▸ EXERCISE DESCRIPTION
Carry over every entry exactly as it appears in the records.

▸ EXERCISE DATA
+ + +
lemma card_with_successor_le:
  fixes K :: "nat set"
  assumes "finite K"
  shows "card {k \<in> K. Suc k \<in> K} \<le> card K - 1"
proof (cases "K = {}")
  case False
  have "{k \<in> K. Suc k \<in> K} \<subseteq> K - {Max K}"
    using Max_ge[OF assms] by fastforce
  then show ?thesis
    using card_mono[of "K - {Max K}"] assms False by simp
qed simp

subsection \<open>The partition and the atoms\<close>

locale pc_interval_map =
  fixes c :: "nat \<Rightarrow> real" and N :: nat and lam :: real and f :: "real \<Rightarrow> real"
  assumes pc_map: "pc_map c N lam f" and separation: "separation c N f"
begin

abbreviation atom :: "nat list \<Rightarrow> real set" where
  "atom w \<equiv> atom_of c N f w"

lemma c_less: "i < j \<Longrightarrow> j \<le> N \<Longrightarrow> c i < c j"
proof (induction j)
  case (Suc j)
  have "c j < c (Suc j)" using Suc.prems pc_map by (simp add: pc_map_def)
  then show ?case using Suc by (cases "i = j") auto
qed simp

lemma c_le: "i \<le> j \<Longrightarrow> j \<le> N \<Longrightarrow> c i \<le> c j"
  using c_less[of i j] by (cases "i = j") auto

lemma inj_on_c: "inj_on c {0..N}"
  by (rule inj_onI) (metis atLeastAtMost_iff c_less linorder_neqE_nat order_less_irrefl)

lemma card_c_image:
  assumes "b \<le> N"
  shows "card (c ` {a..<b}) = b - a"
proof -
  have "{a..<b} \<subseteq> {0..N}" using assms by auto
  then show ?thesis by (simp add: card_image inj_on_subset[OF inj_on_c])
qed

lemma Xpart_less: "y \<in> Xpart c N i \<Longrightarrow> i < N \<Longrightarrow> y < c i"
  by (auto simp: Xpart_def)

lemma Xpart_greater: "y \<in> Xpart c N i \<Longrightarrow> 1 < i \<Longrightarrow> c (i - 1) < y"
  by (auto simp: Xpart_def)

lemma Xpart_disjoint:
  assumes "i \<in> {1..N}" "j \<in> {1..N}" "y \<in> Xpart c N i" "y \<in> Xpart c N j"
  shows "i = j"
proof -
  have False if "i < j" "i \<in> {1..N}" "j \<in> {1..N}" "y \<in> Xpart c N i" "y \<in> Xpart c N j" for i j
  proof -
    have "c i \<le> c (j - 1)" using that by (intro c_le) auto
    then show False using Xpart_less[of y i] Xpart_greater[of y j] that by auto
  qed
  then show ?thesis using assms by (metis linorder_neqE_nat)
qed

lemma Xpart_subset_Xall:
  assumes "i \<in> {1..N}"
  shows "Xpart c N i \<subseteq> Xall c N"
proof -
  have "c 0 \<le> c (i - 1)" "c i \<le> c N" using assms by (auto intro: c_le)
  then show ?thesis by (auto simp: Xpart_def Xall_def)
qed

lemma is_interval_Xpart: "is_interval (Xpart c N i)"
  unfolding is_interval_1 Xpart_def by auto

lemma bounded_Xpart: "i \<in> {1..N} \<Longrightarrow> bounded (Xpart c N i)"
  using Xpart_subset_Xall bounded_subset[of "Xall c N"] by (auto simp: Xall_def)

lemma uniformly_continuous_on_Xpart: "i \<in> {1..N} \<Longrightarrow> uniformly_continuous_on (Xpart c N i) f"
  using pc_map by (intro lipschitz_on_uniformly_continuous[of lam] lipschitz_onI)
    (auto simp: pc_map_def dist_real_def)

lemma Fop_eq_fext_image:
  assumes "i \<in> {1..N}"
  shows "Fop c N f i A = fext c N f i ` closure (A \<inter> Xpart c N i)"
proof -
  have fext: "fext c N f i = (\<lambda>y. if y \<in> Xpart c N i then f y else Lim (at y within Xpart c N i) f)"
    by (simp add: fun_eq_iff fext_def)
  show ?thesis
    unfolding Fop_def fext using assms
    by (intro closure_image_eq_Lim_extension_image uniformly_continuous_on_Xpart bounded_Xpart) auto
qed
+ + +
▸ YOUR SOLUTION
lemma card_with_successor_le:
  fixes K :: "nat set"
  assumes "finite K"
  shows "card {k \<in> K. Suc k \<in> K} \<le> card K - 1"
proof (cases "K = {}")
  case False
  have "{k \<in> K. Suc k \<in> K} \<subseteq> K - {Max K}"
    using Max_ge[OF assms] by fastforce
  then show ?thesis
    using card_mono[of "K - {Max K}"] assms False by simp
qed simp

subsection \<open>The partition and the atoms\<close>

locale pc_interval_map =
  fixes c :: "nat \<Rightarrow> real" and N :: nat and lam :: real and f :: "real \<Rightarrow> real"
  assumes pc_map: "pc_map c N lam f" and separation: "separation c N f"
begin

abbreviation atom :: "nat list \<Rightarrow> real set" where
  "atom w \<equiv> atom_of c N f w"

lemma c_less: "i < j \<Longrightarrow> j \<le> N \<Longrightarrow> c i < c j"
proof (induction j)
  case (Suc j)
  have "c j < c (Suc j)" using Suc.prems pc_map by (simp add: pc_map_def)
  then show ?case using Suc by (cases "i = j") auto
qed simp

lemma c_le: "i \<le> j \<Longrightarrow> j \<le> N \<Longrightarrow> c i \<le> c j"
  using c_less[of i j] by (cases "i = j") auto

lemma inj_on_c: "inj_on c {0..N}"
  by (rule inj_onI) (metis atLeastAtMost_iff c_less linorder_neqE_nat order_less_irrefl)

lemma card_c_image:
  assumes "b \<le> N"
  shows "card (c ` {a..<b}) = b - a"
proof -
  have "{a..<b} \<subseteq> {0..N}" using assms by auto
  then show ?thesis by (simp add: card_image inj_on_subset[OF inj_on_c])
qed

lemma Xpart_less: "y \<in> Xpart c N i \<Longrightarrow> i < N \<Longrightarrow> y < c i"
  by (auto simp: Xpart_def)

lemma Xpart_greater: "y \<in> Xpart c N i \<Longrightarrow> 1 < i \<Longrightarrow> c (i - 1) < y"
  by (auto simp: Xpart_def)

lemma Xpart_disjoint:
  assumes "i \<in> {1..N}" "j \<in> {1..N}" "y \<in> Xpart c N i" "y \<in> Xpart c N j"
  shows "i = j"
proof -
  have False if "i < j" "i \<in> {1..N}" "j \<in> {1..N}" "y \<in> Xpart c N i" "y \<in> Xpart c N j" for i j
  proof -
    have "c i \<le> c (j - 1)" using that by (intro c_le) auto
    then show False using Xpart_less[of y i] Xpart_greater[of y j] that by auto
  qed
  then show ?thesis using assms by (metis linorder_neqE_nat)
qed

lemma Xpart_subset_Xall:
  assumes "i \<in> {1..N}"
  shows "Xpart c N i \<subseteq> Xall c N"
proof -
  have "c 0 \<le> c (i - 1)" "c i \<le> c N" using assms by (auto intro: c_le)
  then show ?thesis by (auto simp: Xpart_def Xall_def)
qed

lemma is_interval_Xpart: "is_interval (Xpart c N i)"
  unfolding is_interval_1 Xpart_def by auto

lemma bounded_Xpart: "i \<in> {1..N} \<Longrightarrow> bounded (Xpart c N i)"
  using Xpart_subset_Xall bounded_subset[of "Xall c N"] by (auto simp: Xall_def)

lemma uniformly_continuous_on_Xpart: "i \<in> {1..N} \<Longrightarrow> uniformly_continuous_on (Xpart c N i) f"
  using pc_map by (intro lipschitz_on_uniformly_continuous[of lam] lipschitz_onI)
    (auto simp: pc_map_def dist_real_def)

lemma Fop_eq_fext_image:
  assumes "i \<in> {1..N}"
  shows "Fop c N f i A = fext c N f i ` closure (A \<inter> Xpart c N i)"
proof -
  have fext: "fext c N f i = (\<lambda>y. if y \<in> Xpart c N i then f y else Lim (at y within Xpart c N i) f)"
    by (simp add: fun_eq_iff fext_def)
  show ?thesis
    unfolding Fop_def fext using assms
    by (intro closure_image_eq_Lim_extension_image uniformly_continuous_on_Xpart bounded_Xpart) auto
qed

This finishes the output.